2. How would I know I had swine flu if I had some symptoms?
You wouldn’t, neither would your doctor. A respiratory specimen would have to be taken within the first four to five days. The specimen would be sent to a lab, which in the USA would be a CDC lab.
Authorities and experts still do not know why symptoms were initially worse in Mexico than in the USA, Canada and other countries. However, recently reports worldwide are coming in of more severe symptoms.
The important point is to call your doctor if you think you have the flu. Prescription anti-viral drugs such as TamiFlu or Relenza can be called in by your doctor. Unless you are:
- exceptionally ill with flu-like symptoms
- chronically ill
- quite elderly
- or have a very young child, under age 2
It is best not to report to a hospital, as you could risk spreading the disease. Call your doctor and do what he tells you.
3. How long are infected people contagious?
An adult is usually contagious as long as they have symptoms – usually up to seven days following the beginning of the illness. The “shedding stage” of the virus is during the first 4-5 days of illness. Children can be considered contagious longer, up to 10 days. The initial incubation period is 24-48 hours.

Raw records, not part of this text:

(* Let $0<b\le c$ and let $\mu$ be a real number in $[\lambda_-(b),\lambda_+(b)]$. Then $\zeta_{(\mu,c)}$ is defined, $\int_0^c\zeta_{(\mu,c)}-\int_0^b\zeta_{(\mu,b)}=\mu(c-b)$, and $\zeta_{(\mu,c)}^{-1}(\{\mu\})$ is a closed interval of length at least $c-b$.
   Context: Fix $\kappa_0\in(0,1)$ and $r_0,r_b\in\mathbb{R}$ (the same $r_b$ is used for every value of the right endpoint). Let $F(u)=u/\sqrt{1-u^2}$ for $|u|<1$, $F(u)=+\infty$ for $u\ge1$, $F(u)=-\infty$ for $u\le-1$; $s_0=r_0/\sqrt{1+r_0^2}$, $s_b=r_b/\sqrt{1+r_b^2}$. Define $g_\pm(x)=F(\pm\kappa_0x+s_0)$ and, for each $c>0$, $h^c_\pm(x)=F(\mp\kappa_0(x-c)+s_b)$. $\lambda_+(c)$ is the common real value of $g_+$ and $h^c_+$ at the point where their graphs meet, or $+\infty$ if they do not meet; $\lambda_-(c)$ likewise for $g_-,h^c_-$, or $-\infty$. Assume there exists an absolutely continuous $f:[0,b]\to\mathbb{R}$ with $f'\in L^2$, $|f'|\le\kappa_0(1+f^2)^{3/2}$ a.e., $f(0)=r_0$, $f(b)=r_b$. For $c>0$ and real $\mu\in[\lambda_-(c),\lambda_+(c)]$, $\zeta_{(\mu,c)}:[0,c]\to\mathbb{R}$ is $\zeta_{(\mu,c)}(x)=\operatorname{mid}\big(h^c_-(x),g_-(x),\mu,g_+(x),h^c_+(x)\big)$, the median of five extended reals. *)

theory Defs
  imports "HOL-Analysis.Analysis"
begin

definition abs_continuous_on :: "real \<Rightarrow> real \<Rightarrow> (real \<Rightarrow> real) \<Rightarrow> bool" where
  "abs_continuous_on a b f \<longleftrightarrow>
     (\<forall>\<epsilon>>0. \<exists>\<delta>>0. \<forall>(n::nat) (u::nat \<Rightarrow> real) (v::nat \<Rightarrow> real).
        (\<forall>i<n. a \<le> u i \<and> u i \<le> v i \<and> v i \<le> b) \<and>
        (\<forall>i<n. \<forall>j<n. i \<noteq> j \<longrightarrow> v i \<le> u j \<or> v j \<le> u i) \<and>
        (\<Sum>i<n. v i - u i) < \<delta>
        \<longrightarrow> (\<Sum>i<n. \<bar>f (v i) - f (u i)\<bar>) < \<epsilon>)"

definition sfun :: "real \<Rightarrow> real" where
  "sfun r = r / sqrt (1 + r\<^sup>2)"

definition Fe :: "real \<Rightarrow> ereal" where
  "Fe u = (if 1 \<le> u then \<infinity> else if u \<le> -1 then -\<infinity> else ereal (u / sqrt (1 - u\<^sup>2)))"
(* Let $\Gamma$ be a signed bipartite graph on $n$ vertices with adjacency matrix $\begin{bmatrix} O & M\\ M^{\mathrm T} & O\end{bmatrix}$, where $M$ is a square matrix of order $m=n/2$. Then $\Delta(\Gamma)=2^n\det^2(M)\,\Delta^2(M^{\mathrm T}M)$.
   Context: A signed graph is a simple graph with each edge assigned a sign $\pm1$; its adjacency matrix has entry equal to the edge sign for adjacent vertices and $0$ otherwise. For a monic polynomial $f$ of degree $k$ with roots $\alpha_1,\dots,\alpha_k$ (with multiplicity), the discriminant is $\Delta(f)=\prod_{1\le i<j\le k}(\alpha_i-\alpha_j)^2$. For a square matrix $B$, $\Delta(B)$ is the discriminant of $\det(xI-B)$, and $\Delta(\Gamma)$ is the discriminant of the adjacency matrix of $\Gamma$. *)

theory Defs
  imports "Jordan_Normal_Form.Char_Poly" "HOL-Computational_Algebra.Fundamental_Theorem_Algebra"
begin

definition poly_roots_list :: "complex poly \<Rightarrow> complex list" where
  "poly_roots_list p = (SOME rs. length rs = degree p \<and>
      p = Polynomial.smult (lead_coeff p) (\<Prod>a\<leftarrow>rs. [:-a, 1:]))"

text \<open>Discriminant of a (monic) polynomial: product over i<j of (alpha_i - alpha_j)^2.\<close>
definition poly_disc :: "complex poly \<Rightarrow> complex" where
  "poly_disc p = (let rs = poly_roots_list p in
      \<Prod>(i,j)\<in>{(i,j). i < j \<and> j < length rs}. (rs ! i - rs ! j)^2)"

definition mat_disc :: "int mat \<Rightarrow> complex" where
  "mat_disc B = poly_disc (map_poly of_int (char_poly B))"

definition signed_adj :: "nat \<Rightarrow> int mat \<Rightarrow> bool" where
  "signed_adj n A \<longleftrightarrow> A \<in> carrier_mat n n \<and>
     (\<forall>i<n. \<forall>j<n. A $$ (i,j) \<in> {-1,0,1} \<and> A $$ (i,j) = A $$ (j,i)) \<and>
     (\<forall>i<n. A $$ (i,i) = 0)"

end

theory Submission
  imports Defs "Berlekamp_Zassenhaus.Mahler_Measure"
begin

text \<open>A Schur complement computation shows that the characteristic polynomial of
  \<open>[[0, B], [C, 0]]\<close> is \<open>g(x\<^sup>2)\<close>, where \<open>g\<close> is the characteristic polynomial of \<open>C B\<close>.
  Hence if \<open>g\<close> has roots \<open>\<mu>\<^sub>1, ..., \<mu>\<^sub>m\<close>, the block matrix has the roots \<open>\<plusminus>\<surd>\<mu>\<^sub>i\<close>.
  Each pair \<open>\<plusminus>\<surd>\<mu>\<^sub>i\<close> contributes \<open>(2\<surd>\<mu>\<^sub>i)\<^sup>2 = 4\<mu>\<^sub>i\<close> to the discriminant, and the
  four differences between the pairs for \<open>\<mu>\<^sub>i\<close> and \<open>\<mu>\<^sub>j\<close> multiply to \<open>(\<mu>\<^sub>i - \<mu>\<^sub>j)\<^sup>2\<close>,
  so the discriminant is \<open>4\<^sup>m (\<Prod>\<mu>\<^sub>i) \<Delta>(g)\<^sup>2\<close>. Finally \<open>\<Prod>\<mu>\<^sub>i = det (M\<^sup>T M) = det(M)\<^sup>2\<close>.\<close>

fun disc_roots :: "'a :: comm_ring_1 list \<Rightarrow> 'a" where
  "disc_roots [] = 1"
| "disc_roots (a # rs) = (\<Prod>r\<leftarrow>rs. (a - r)^2) * disc_roots rs"

lemma prod_index_pairs_eq_disc_roots:
  "(\<Prod>(i,j)\<in>{(i,j). i < j \<and> j < length rs}. (rs ! i - rs ! j)^2) = disc_roots rs"
proof (induction rs)
  case Nil
  then show ?case by simp
next
  case (Cons a rs)
  have pairs: "{(i,j). i < j \<and> j < k} = Sigma {..<k} (\<lambda>i. {Suc i..<k})" for k :: nat
    by auto
  let ?k = "length rs"
  let ?f = "\<lambda>i. \<Prod>j\<in>{Suc i..<Suc ?k}. ((a#rs) ! i - (a#rs) ! j)^2"
  have "(\<Prod>(i,j)\<in>{(i,j). i < j \<and> j < length (a#rs)}. ((a#rs) ! i - (a#rs) ! j)^2)
      = (\<Prod>i<Suc ?k. ?f i)"
    unfolding pairs by (subst prod.Sigma) auto
  also have "\<dots> = ?f 0 * (\<Prod>i<?k. ?f (Suc i))"
    by (rule prod.lessThan_Suc_shift)
  also have "?f 0 = (\<Prod>r\<leftarrow>rs. (a - r)^2)"
  proof -
    have "?f 0 = (\<Prod>j\<in>Suc ` {0..<?k}. ((a#rs) ! 0 - (a#rs) ! j)^2)"
      by (simp only: image_Suc_atLeastLessThan)
    also have "\<dots> = (\<Prod>j\<in>{0..<?k}. (a - rs ! j)^2)"
      by (subst prod.reindex) auto
    also have "\<dots> = (\<Prod>r\<leftarrow>rs. (a - r)^2)"
      by (subst prod.list_conv_set_nth) simp
    finally show ?thesis .
  qed
  also have "(\<Prod>i<?k. ?f (Suc i)) = (\<Prod>i<?k. \<Prod>j\<in>{Suc i..<?k}. (rs ! i - rs ! j)^2)"
  proof (rule prod.cong[OF refl])
    fix i
    have "?f (Suc i) = (\<Prod>j\<in>Suc ` {Suc i..<?k}. ((a#rs) ! Suc i - (a#rs) ! j)^2)"
      by (simp only: image_Suc_atLeastLessThan)
    also have "\<dots> = (\<Prod>j\<in>{Suc i..<?k}. (rs ! i - rs ! j)^2)"
      by (subst prod.reindex) auto
    finally show "?f (Suc i) = (\<Prod>j\<in>{Suc i..<?k}. (rs ! i - rs ! j)^2)" .
  qed
  also have "(\<Prod>i<?k. \<Prod>j\<in>{Suc i..<?k}. (rs ! i - rs ! j)^2) = disc_roots rs"
    using Cons.IH unfolding pairs by (subst prod.Sigma) auto
  finally show ?case by simp
qed

lemma disc_roots_append_Cons:
  "disc_roots (us @ a # vs) = (\<Prod>r\<leftarrow>us @ vs. (a - r)^2) * disc_roots (us @ vs)"
proof (induction us)
  case Nil
  then show ?case by simp
next
  case (Cons b us)
  have "disc_roots ((b # us) @ a # vs)
      = (b - a)^2 * (\<Prod>r\<leftarrow>us @ vs. (b - r)^2) * ((\<Prod>r\<leftarrow>us @ vs. (a - r)^2) * disc_roots (us @ vs))"
    using Cons.IH by simp
  also have "\<dots> = (\<Prod>r\<leftarrow>(b # us) @ vs. (a - r)^2) * disc_roots ((b # us) @ vs)"
    by (simp add: power2_commute[of a b] algebra_simps)
  finally show ?case .
qed

lemma disc_roots_mset_cong: "mset rs = mset ts \<Longrightarrow> disc_roots rs = disc_roots ts"
proof (induction rs arbitrary: ts)
  case Nil
  then show ?case by simp
next
  case (Cons a rs)
  have "a \<in> set ts"
    using mset_eq_setD[OF Cons.prems] by (metis list.set_intros(1))
  then obtain us vs where ts: "ts = us @ a # vs" by (meson split_list)
  with Cons.prems have rs: "mset rs = mset (us @ vs)" by simp
  have "disc_roots (a # rs) = (\<Prod>r\<leftarrow>rs. (a - r)^2) * disc_roots rs"
    by simp
  also have "(\<Prod>r\<leftarrow>rs. (a - r)^2) = (\<Prod>r\<leftarrow>us @ vs. (a - r)^2)"
    by (simp only: prod_mset_prod_list[symmetric] mset_map rs)
  also have "disc_roots rs = disc_roots (us @ vs)"
    by (rule Cons.IH[OF rs])
  also have "(\<Prod>r\<leftarrow>us @ vs. (a - r)^2) * disc_roots (us @ vs) = disc_roots ts"
    unfolding ts by (rule disc_roots_append_Cons[symmetric])
  finally show ?case .
qed

lemma poly_disc_linear_factors:
  "poly_disc (\<Prod>a\<leftarrow>rs. [:-a, 1:]) = disc_roots rs"
proof -
  let ?p = "\<Prod>a\<leftarrow>rs. [:-a, 1:] :: complex poly"
  let ?roots = "\<lambda>ts. length ts = degree ?p \<and> ?p = Polynomial.smult (lead_coeff ?p) (\<Prod>a\<leftarrow>ts. [:-a, 1:])"
  have monic: "lead_coeff ?p = 1"
    by (rule monic_prod_list) auto
  have "degree ?p = length rs"
    by (rule degree_linear_factors)
  then have "?roots rs"
    unfolding monic by simp
  then have "?roots (poly_roots_list ?p)"
    unfolding poly_roots_list_def by (rule someI)
  then have "(\<Prod>a\<leftarrow>poly_roots_list ?p. [:-a, 1:]) = ?p"
    unfolding monic by simp
  then have "mset (poly_roots_list ?p) = mset rs"
    by (rule reconstruct_poly_monic_defines_mset)
  then show ?thesis
    unfolding poly_disc_def Let_def prod_index_pairs_eq_disc_roots by (rule disc_roots_mset_cong)
qed

definition plus_minus :: "'a :: uminus list \<Rightarrow> 'a list" where
  "plus_minus xs = concat (map (\<lambda>x. [x, -x]) xs)"

lemma plus_minus_simps [simp]:
  "plus_minus [] = []"
  "plus_minus (x # xs) = x # - x # plus_minus xs"
  by (simp_all add: plus_minus_def)

lemma prod_plus_minus_square_diff:
  "(\<Prod>r\<leftarrow>plus_minus xs. (t - r)^2) = (\<Prod>x\<leftarrow>xs. (t^2 - x^2)^2 :: 'a :: comm_ring_1)"
proof (induction xs)
  case Nil
  then show ?case by simp
next
  case (Cons x xs)
  have "(t - x)^2 * (t - - x)^2 = (t^2 - x^2)^2"
    by (simp add: power2_eq_square algebra_simps)
  then show ?case using Cons.IH by (simp add: mult.assoc[symmetric])
qed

4. What medications are there?
There is Tamiflu or Relenza – both have shown to be effective against these recently reported strains of swine flu. There are four anti-viral drugs altogether that are commonly used to treat various strains of flu.
5. Do these medicines prevent me from catching swine flu?
That is not currently advised. Preventative medication might be advisable for very special circumstances where a person had to expose themselves to potentially ill people during an epidemic (which we do not yet have here). Such people might include ER workers. An outbreak in a nursing home, for instance, might lead to protecting all the other residents with a drug like TamiFlu.
As the coverage time is limited, the preventative use of anti-viral medications is not advised for the general public.
Do not confuse OTC (over-the-counter) cold and flu preparations for anti-flu medications that you can only get with a prescription.
6. Do children and adults have the same symptoms?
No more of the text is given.